This is the second part of Kant’s treatment of the issues raised in Hume’s discussion of the standard of taste. The “antinomy of taste” represents Kant’s final and most formal response to the problem of variation in taste.
§34. Kant’s point in this section is one that he will rely on and develop in the remainder of the assignment.
§55. Each of Kant’s three Critiques contains a section he labels “dialectic” which centers on the resolution of apparent contradictions or “antinomies.” For example, in his first Critique, which concerned scientific knowledge, one of the antinomies concerned the apparent conflict between the necessity of laws of nature and a freedom of the will that Kant took to be presupposed by morality. The present short section marks the transition to the “dialectic” in Kant’s treatment of aesthetics.
§56. The three “commonplaces” Kant mentions point to the connection between Kant’s special theoretical aim here and ordinary discussions of art, but the most important point for his purposes is the distinction between contesting and disputing. The short section 34 (HK 308) is a fuller statement of the impossibility of disputation.

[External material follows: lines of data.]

(* (1) Let $F_2$ be the free group with basis $\{a,b\}$, and consider the power series in two variables $$\Delta_{F_2}(z_1,z_2)=\sum_{g\in F_2} z_1^{|g|_{a}+|g|_{a^{-1}}}\,z_2^{|g|_{b}+|g|_{b^{-1}}},$$ where for $g\in F_2$, $|g|_{x}$ denotes the number of occurrences of the letter $x$ in the freely reduced word over $\{a,a^{-1},b,b^{-1}\}$ representing $g$. Then for every $\mathbf r=(p,q)\in M_2$ the indicatrice of growth of $\Delta_{F_2}$ is $$\psi_{F_2}(\mathbf r)=\mathbf H(\mathbf r)+p\log\!\left(2q-p+2\sqrt{p^2-pq+q^2}\right)+q\log\!\left(2p-q+2\sqrt{p^2-pq+q^2}\right),$$ where $\mathbf H(\mathbf r)=-p\log p-q\log q$ is the Shannon entropy (with $0\log 0=0$). (2) Let $L_{Fib}\subset\{a,b\}^*$ be the Fibonacci language, i.e. the set of all finite words over $\{a,b\}$ not containing $bb$ as a subword, and let $\Gamma_{Fib}(z_1,z_2)=\sum_{w\in L_{Fib}} z_1^{|w|_a}z_2^{|w|_b}$ (which equals $\frac{1+z_2}{1-z_1-z_1z_2}$). Then for $\mathbf r=(p,q)=(p,1-p)$ with $0<p<1$, the indicatrice of growth of $\Gamma_{Fib}$ is $$\psi_{Fib}(\mathbf r)=p\log\!\left(\frac{p}{p-q}\right)+q\log\!\left(\frac{p-q}{q}\right)\ \text{ if } p\ge \tfrac12,\qquad \psi_{Fib}(\mathbf r)=-\infty\ \text{ if } p<\tfrac12 .$$
   Context: $M_d=\{\mathbf r\in\mathbb R_{\ge 0}^d:\ \|\mathbf r\|=\sum_i r_i=1\}$, where $\|\cdot\|$ is the $\ell^1$ norm on $\mathbb R^d$. For a power series $\Gamma(\mathbf z)=\sum_{\mathbf i\in\mathbb N^d} f_{\mathbf i}\mathbf z^{\mathbf i}$ with nonnegative coefficients, the indicatrice of growth is defined as follows. For an open cone $C\subset\mathbb R^d$ put $\tau_C=\limsup_{R\to\infty}\frac1R\log\Big(\sum_{\mathbf i\in C\cap\mathbb N^d,\ R\le\|\mathbf i\|\le R+1} f_{\mathbf i}\Big)$ (with $\log 0=-\infty$), and for $\mathbf r\ne 0$ put $\psi(\mathbf r)=\|\mathbf r\|\inf_{C\ni\mathbf r}\tau_C$, the infimum over open cones containing $\mathbf r$; also $\psi(\mathbf 0)=0$. $\psi_{F_2}$ and $\psi_{Fib}$ denote this function for $\Delta_{F_2}$ and $\Gamma_{Fib}$ respectively. *)

theory Defs
  imports "HOL-Analysis.Analysis"
begin

definition M2 :: "(real \<times> real) set" where
  "M2 = {(p, q). p \<ge> 0 \<and> q \<ge> 0 \<and> p + q = 1}"

definition l1norm :: "real \<times> real \<Rightarrow> real" where
  "l1norm r = \<bar>fst r\<bar> + \<bar>snd r\<bar>"

definition open_cone :: "(real \<times> real) set \<Rightarrow> bool" where
  "open_cone C \<longleftrightarrow> open C \<and> (\<forall>x\<in>C. \<forall>t::real. t > 0 \<longrightarrow> t *\<^sub>R x \<in> C)"

definition shell :: "(real \<times> real) set \<Rightarrow> real \<Rightarrow> (nat \<times> nat) set" where
  "shell C R = {i. (real (fst i), real (snd i)) \<in> C
                   \<and> R \<le> real (fst i + snd i) \<and> real (fst i + snd i) \<le> R + 1}"

definition shell_rate :: "(nat \<times> nat \<Rightarrow> real) \<Rightarrow> (real \<times> real) set \<Rightarrow> real \<Rightarrow> ereal" where
  "shell_rate f C R =
     (let S = (\<Sum>i\<in>shell C R. f i) in if S = 0 then -\<infinity> else ereal (ln S / R))"

definition tau :: "(nat \<times> nat \<Rightarrow> real) \<Rightarrow> (real \<times> real) set \<Rightarrow> ereal" where
  "tau f C = Limsup at_top (shell_rate f C)"

definition indicatrice :: "(nat \<times> nat \<Rightarrow> real) \<Rightarrow> real \<times> real \<Rightarrow> ereal" where
  "indicatrice f r =
     (if r = 0 then 0
      else ereal (l1norm r) * (INF C \<in> {C. open_cone C \<and> r \<in> C}. tau f C))"

datatype gen = A | B

(* letters of F_2: (generator, inverted?) ; (A,False)=a, (A,True)=a^-1, etc. *)
type_synonym letter = "gen \<times> bool"

(* freely reduced words over {a, a^-1, b, b^-1}; these are in bijection with F_2 *)
definition freely_reduced :: "letter list \<Rightarrow> bool" where
  "freely_reduced w \<longleftrightarrow>
     (\<forall>i. Suc i < length w \<longrightarrow>
        \<not> (fst (w ! i) = fst (w ! Suc i) \<and> snd (w ! i) \<noteq> snd (w ! Suc i)))"

(* |g|_a + |g|_{a^-1}  and  |g|_b + |g|_{b^-1} *)
definition occ :: "gen \<Rightarrow> letter list \<Rightarrow> nat" where
  "occ x w = length (filter (\<lambda>l. fst l = x) w)"

definition coeff_F2 :: "nat \<times> nat \<Rightarrow> real" where
  "coeff_F2 i = real (card {w. freely_reduced w \<and> occ A w = fst i \<and> occ B w = snd i})"

definition L_Fib :: "gen list set" where
  "L_Fib = {w. \<not> (\<exists>u v. w = u @ [B, B] @ v)}"

definition count_letter :: "gen \<Rightarrow> gen list \<Rightarrow> nat" where
  "count_letter x w = length (filter (\<lambda>y. y = x) w)"

definition coeff_Fib :: "nat \<times> nat \<Rightarrow> real" where
  "coeff_Fib i = real (card {w \<in> L_Fib. count_letter A w = fst i \<and> count_letter B w = snd i})"

definition psi_F2 :: "real \<times> real \<Rightarrow> ereal" where
  "psi_F2 = indicatrice coeff_F2"

definition psi_Fib :: "real \<times> real \<Rightarrow> ereal" where
  "psi_Fib = indicatrice coeff_Fib"

(* Shannon entropy; note ln 0 = 0 in Isabelle, so 0 * ln 0 = 0 as required *)
definition entropy2 :: "real \<times> real \<Rightarrow> real" where
  "entropy2 r = - fst r * ln (fst r) - snd r * ln (snd r)"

§57. The key to Kant’s solution to the antinomy is his use of the idea of an indeterminate concept to show how the “thesis” and “antithesis” of §56 can both be true. The concept of the supersensible that he introduces here is tied to a range of things (including the world as a whole, the soul, and God) about which we think but of which we cannot have sensory experience and for which we therefore have no determinate concepts. The examples I have just mentioned come from the first Critique and are referred to as “Ideas of Reason” (a phrase you will run into also in this Critique). Kant has no neat label for the aspect of the supersensible he has in mind here but you may connect it with the idea of nature’s purposiveness for our thought and the associated notion of a sensus communis.

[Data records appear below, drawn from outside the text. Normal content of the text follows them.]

lemma all_bridges_exchange:
  assumes T: "spanning_tree V E ends T" and eE: "e \<in> E"
    and not_joined: "\<not> joined ends (T - {f}) e"
  shows "all_bridges ends (insert e (T - {f}))"
  unfolding all_bridges_def
proof (intro ballI)
  obtain u w where uw: "ends e = {u, w}" using obtain_ends[OF eE] by blast
  fix g assume gT': "g \<in> insert e (T - {f})"
  show "\<not> joined ends (insert e (T - {f}) - {g}) g"
  proof (cases "g = e")
    case True
    have "e \<notin> T - {f}"
    proof
      assume "e \<in> T - {f}"
      then have "joined ends (T - {f}) e" using eE by (rule joined_member)
      with not_joined show False ..
    qed
    then have "insert e (T - {f}) - {g} = T - {f}" unfolding True by blast
    then show ?thesis using not_joined True by simp
  next
    case False
    then have "insert e (T - {f}) - {g} = insert e (T - {f} - {g})" by auto
    moreover have "(u, w) \<notin> reach ends (T - {f})"
      using not_joined by (simp add: joined_iff[of ends e u w, OF uw])
    ultimately show ?thesis using bridge_survives_exchange[OF T _ _ uw] gT' False by auto
  qed
qed

lemma spanning_tree_exchange:
  assumes T: "spanning_tree V E ends T" and fT: "f \<in> T" and eE: "e \<in> E"
    and not_joined: "\<not> joined ends (T - {f}) e"
  shows "spanning_tree V E ends (insert e (T - {f}))"
  using connected_on_exchange[OF assms] all_bridges_exchange[OF T eE not_joined] T eE
  unfolding spanning_tree_iff by blast

lemma unique_S_exchange_reverse:
  assumes P: "(S, T) \<in> tau_vertices V E ends" and X: "unique_S_exchange E ends S T e f"
  shows "(insert f (S - {e}), insert e T - {f}) \<in> tau_vertices V E ends
    \<and> unique_S_exchange E ends (insert f (S - {e})) (insert e T - {f}) f e"
proof -
  have S: "spanning_tree V E ends S" and T: "spanning_tree V E ends T"
    and disj: "S \<inter> T = {}" and un: "S \<union> T = E"
    using P unfolding tau_vertices_def by auto
  have eS: "e \<in> S" and fT: "f \<in> T"
    and I: "fund_cut E ends S e \<inter> fund_cycle ends T e = {e, f}"
    using X unfolding unique_S_exchange_def by auto
  have eE: "e \<in> E" and fE: "f \<in> E" and eT: "e \<notin> T" and fS: "f \<notin> S" and ef: "e \<noteq> f"
    using eS fT disj un by auto
  have "f \<in> fund_cut E ends S e" "f \<in> fund_cycle ends T e" using I by auto
  then have f_cut: "\<not> joined ends (S - {e}) f" and e_cyc: "\<not> joined ends (T - {f}) e"
    using fund_cut_eq[OF S eS] fund_cycle_eq[OF T eE eT] ef by auto
  have S': "spanning_tree V E ends (insert f (S - {e}))"
    by (rule spanning_tree_exchange[OF S eS fE f_cut])
  have "insert e T - {f} = insert e (T - {f})" using ef by auto
  then have T': "spanning_tree V E ends (insert e T - {f})"
    using spanning_tree_exchange[OF T fT eE e_cyc] by simp
  have cyc: "fund_cycle ends (insert e T - {f}) f = fund_cycle ends T e"
    unfolding fund_cycle_def using fT by (simp add: insert_absorb)
  have "insert f (S - {e}) - {f} = S - {e}" using fS by auto
  then have cut: "fund_cut E ends (insert f (S - {e})) f = fund_cut E ends S e"
    using fund_cut_eq[OF S' insertI1] fund_cut_eq[OF S eS] by simp
  have "(insert f (S - {e}), insert e T - {f}) \<in> tau_vertices V E ends"
    unfolding tau_vertices_def using S' T' disj un eS fT by auto
  moreover have "unique_S_exchange E ends (insert f (S - {e})) (insert e T - {f}) f e"
    unfolding unique_S_exchange_def cyc cut I using ef by auto
  ultimately show ?thesis ..
qed

lemma tau3_arc_reverse:
  assumes "tau3_arc V E ends e f S T"
  shows "tau3_arc V E ends f e (fst (arc_head e f S T)) (snd (arc_head e f S T))"
proof -
  have S_case: "tau3_arc V E ends f e (fst (arc_head e f S T)) (snd (arc_head e f S T))"
    if "(S, T) \<in> tau_vertices V E ends" "unique_S_exchange E ends S T e f" for S T
  proof -
    have "arc_head e f S T = (insert f (S - {e}), insert e T - {f})"
      using that(2) unfolding arc_head_def unique_S_exchange_def by simp
    then show ?thesis
      using unique_S_exchange_reverse[OF that] unfolding tau3_arc_def by simp
  qed
  from assms have P: "(S, T) \<in> tau_vertices V E ends"
    and "unique_S_exchange E ends S T e f \<or> unique_S_exchange E ends T S e f"
    unfolding tau3_arc_def unique_T_exchange_eq by auto
  then show ?thesis
  proof (elim disjE)
    assume X: "unique_S_exchange E ends T S e f"
    then have "e \<in> T" "e \<notin> S" using P unfolding unique_S_exchange_def tau_vertices_def by auto
    then have "arc_head e f S T = prod.swap (arc_head e f T S)" by (rule arc_head_swap)
    moreover have "(T, S) \<in> tau_vertices V E ends" using P by (simp add: tau_vertices_swap)
    ultimately show ?thesis
      using S_case[OF _ X] by (simp add: tau3_arc_swap)
  qed (rule S_case[OF P])
qed

end

section \<open>Lifting arcs along the reduction\<close>

locale vertex_reduction = loopless_graph V E ends
  for V :: "'v set" and E :: "'e set" and ends :: "'e \<Rightarrow> 'v set" +
  fixes v a b c :: 'v and ea eb ec eab :: 'e
  assumes distinct_nbrs: "distinct [a, b, c]" and distinct_edges: "distinct [ea, eb, ec]"
    and in_E: "ea \<in> E" "eb \<in> E" "ec \<in> E"
    and ends_ea: "ends ea = {v, a}" and ends_eb: "ends eb = {v, b}" and ends_ec: "ends ec = {v, c}"
    and edges_at_v: "\<And>g. g \<in> E \<Longrightarrow> v \<in> ends g \<Longrightarrow> g \<in> {ea, eb, ec}"
    and eab_new: "eab \<notin> E"
begin

text \<open>(V_red, E_red, ends_red) is the reduction graph G_{a,b}; E_rest are the edges it shares with G.\<close>

abbreviation "E_rest \<equiv> E - {ea, eb, ec}"
abbreviation "V_red \<equiv> V - {v}"
abbreviation "E_red \<equiv> E_rest \<union> {eab}"
abbreviation "ends_red \<equiv> ends(eab := {a, b})"

lemma nbrs_ne_v: "a \<noteq> v" "b \<noteq> v" "c \<noteq> v"
  using card_ends[OF in_E(1)] card_ends[OF in_E(2)] card_ends[OF in_E(3)] ends_ea ends_eb ends_ec
  by auto

lemma in_V: "v \<in> V" "a \<in> V" "b \<in> V" "c \<in> V"
  using ends_subset[OF in_E(1)] ends_subset[OF in_E(3)] ends_subset[OF in_E(2)] ends_ea ends_eb ends_ec
  by auto

lemma rest_off_v: "g \<in> E_rest \<Longrightarrow> v \<notin> ends g"
  using edges_at_v by blast

lemma ends_red_rest: "g \<in> E_rest \<Longrightarrow> ends_red g = ends g"
  using eab_new by auto

sublocale red: loopless_graph V_red E_red ends_red
proof
  fix g assume g: "g \<in> E_red"
  show "ends_red g \<subseteq> V_red" "card (ends_red g) = 2"
  proof (atomize (full), cases "g = eab")
    case True
    then show "ends_red g \<subseteq> V_red \<and> card (ends_red g) = 2"
      using in_V nbrs_ne_v distinct_nbrs by auto
  next
    case False
    with g have "g \<in> E_rest" by blast
    then show "ends_red g \<subseteq> V_red \<and> card (ends_red g) = 2"
      using ends_subset card_ends rest_off_v ends_red_rest by auto
  qed
qed

lemma reach_red_rest:
  assumes "F \<subseteq> E_rest"
  shows "reach ends_red F = reach ends F"
proof -
  have "adj_rel ends_red F = adj_rel ends F"
    by (rule adj_rel_cong, rule ends_red_rest) (use assms in blast)
  then show ?thesis by simp
qed

lemma spanning_tree_red_rest:
  assumes "spanning_tree V_red E_red ends_red S" "S \<subseteq> E_rest"
  shows "connected_on V_red S ends" "all_bridges ends S"
proof -
  have "\<And>h. h \<in> S \<Longrightarrow> ends_red h = ends h" using assms(2) ends_red_rest by blast
  then show "connected_on V_red S ends" "all_bridges ends S"
    using assms(1) connected_on_cong[of S ends_red ends V_red] all_bridges_cong[of S ends_red ends]
    unfolding spanning_tree_iff by blast+
qed

lemma spanning_tree_add_pendant:
  assumes S: "spanning_tree V_red E_red ends_red S" and eab: "eab \<notin> S"
  shows "spanning_tree V E ends (insert ec S)"
proof -
  have SE: "S \<subseteq> E_rest" using S eab unfolding spanning_tree_def by blast
  note S_rest = spanning_tree_red_rest[OF S SE]
  have "connected_on (insert v V_red) (insert ec S) ends"
    using connected_on_insert_pendant[OF S_rest(1) ends_ec] in_V nbrs_ne_v by blast
  moreover have "insert v V_red = V" using in_V by blast
  moreover have "all_bridges ends (insert ec S)"
    using all_bridges_insert_pendant[OF S_rest(2) _ ends_ec] SE rest_off_v nbrs_ne_v by blast
  ultimately show ?thesis unfolding spanning_tree_iff using SE in_E by auto
qed

lemma spanning_tree_subdivide:
  assumes T: "spanning_tree V_red E_red ends_red T" and eab: "eab \<in> T"
  shows "spanning_tree V E ends (T - {eab} \<union> {ea, eb})"
proof -
  define T0 where "T0 = T - {eab}"
  have T_eq: "T = insert eab T0" using eab T0_def by blast
  have T0E: "T0 \<subseteq> E_rest" using T T0_def unfolding spanning_tree_def by blast
  have off: "\<And>g. g \<in> T0 \<Longrightarrow> v \<notin> ends g" using T0E rest_off_v by blast
  have new: "eab \<notin> T0" "ea \<notin> T0" "eb \<notin> T0" using T0E T0_def by auto
  have conn: "connected_on V_red (insert eab T0) ends_red"
    and bridges: "all_bridges ends_red (insert eab T0)"
    using T T_eq unfolding spanning_tree_iff by auto
  have "connected_on (insert v V_red) (insert ea (insert eb T0)) ends"
    using connected_on_subdivide[of V_red eab T0 ends a b ea v eb, OF conn ends_ea ends_eb]
      in_V nbrs_ne_v by blast
  moreover have "insert v V_red = V" using in_V by blast
  moreover have "all_bridges ends (insert ea (insert eb T0))"
    using all_bridges_subdivide[of ends eab a b T0 v ea eb, OF bridges new(1) off ends_ea ends_eb]
      nbrs_ne_v new distinct_edges by simp
  moreover have "T - {eab} \<union> {ea, eb} = insert ea (insert eb T0)" using T0_def by blast
  ultimately show ?thesis unfolding spanning_tree_iff using T0E in_E by auto
qed

end

locale red_exchange = vertex_reduction +
  fixes S T f
  assumes tau_red: "(S, T) \<in> tau_vertices V_red E_red ends_red"
    and exchange_red: "unique_S_exchange E_red ends_red S T f eab"
begin

text \<open>Since eab \<in> T, rho_{eab,c}(S, T) = (S_lift, T_lift).\<close>

abbreviation "T_rest \<equiv> T - {eab}"
abbreviation "S_lift \<equiv> insert ec S"
abbreviation "T_lift \<equiv> insert ea (insert eb T_rest)"

lemma red_trees: "spanning_tree V_red E_red ends_red S" "spanning_tree V_red E_red ends_red T"
  using tau_red unfolding tau_vertices_def by auto

lemma f_in_S: "f \<in> S" and eab_in_T: "eab \<in> T"
  and red_exchange_set: "fund_cut E_red ends_red S f \<inter> fund_cycle ends_red T f = {f, eab}"
  using exchange_red unfolding unique_S_exchange_def by auto

lemma S_rest: "S \<subseteq> E_rest" and T_rest: "T_rest \<subseteq> E_rest" and f_notin_T: "f \<notin> T"
  using tau_red eab_in_T f_in_S unfolding tau_vertices_def by auto

lemma f_rest: "f \<in> E_rest"
  using f_in_S S_rest by blast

Kant’s reference to Hume in §34 is to an essay “The Skeptic.” The paragraph in which Hume’s remark occurs is included below; think how much of this Kant would agree with and where he would disagree.
Hume, “The Skeptic,” ¶11
We may push the same observation further, and may conclude, that, even when the mind operates alone, and feeling the sentiment of blame or approbation, pronounces one object deformed and odious, another beautiful and amiable; I say, that, even in this case, those qualities are not really in the objects, but belong entirely to the sentiment of that mind which blames or praises. I grant, that it will be more difficult to make this proposition evident, and as it were, palpable, to negligent thinkers; because nature is more uniform in the sentiments of the mind than in most feelings of the body, and produces a nearer resemblance in the inward than in the outward part of human kind. There is something approaching to principles in mental taste; and critics can reason and dispute more plausibly than cooks or perfumers. We may observe, however, that this uniformity among human kind, hinders not, but that there is a considerable diversity in the sentiments of beauty and worth, and that education, custom, prejudice, caprice, and humour, frequently vary our taste of this kind. You will never convince a man, who is not accustomed to ITALIAN music, and has not an ear to follow its intricacies, that a SCOTCH tune is not preferable. You have not even any single argument, beyond your own taste, which you can employ in your behalf: And to your antagonist, his particular taste will always appear a more convincing argument to the contrary. If you be wise, each of you will allow, that the other may be in the right; and having many other instances of this diversity of taste, you will both confess, that beauty and worth are merely of a relative nature, and consist in an agreeable sentiment, produced by an object in a particular mind, according to the peculiar structure and constitution of that mind.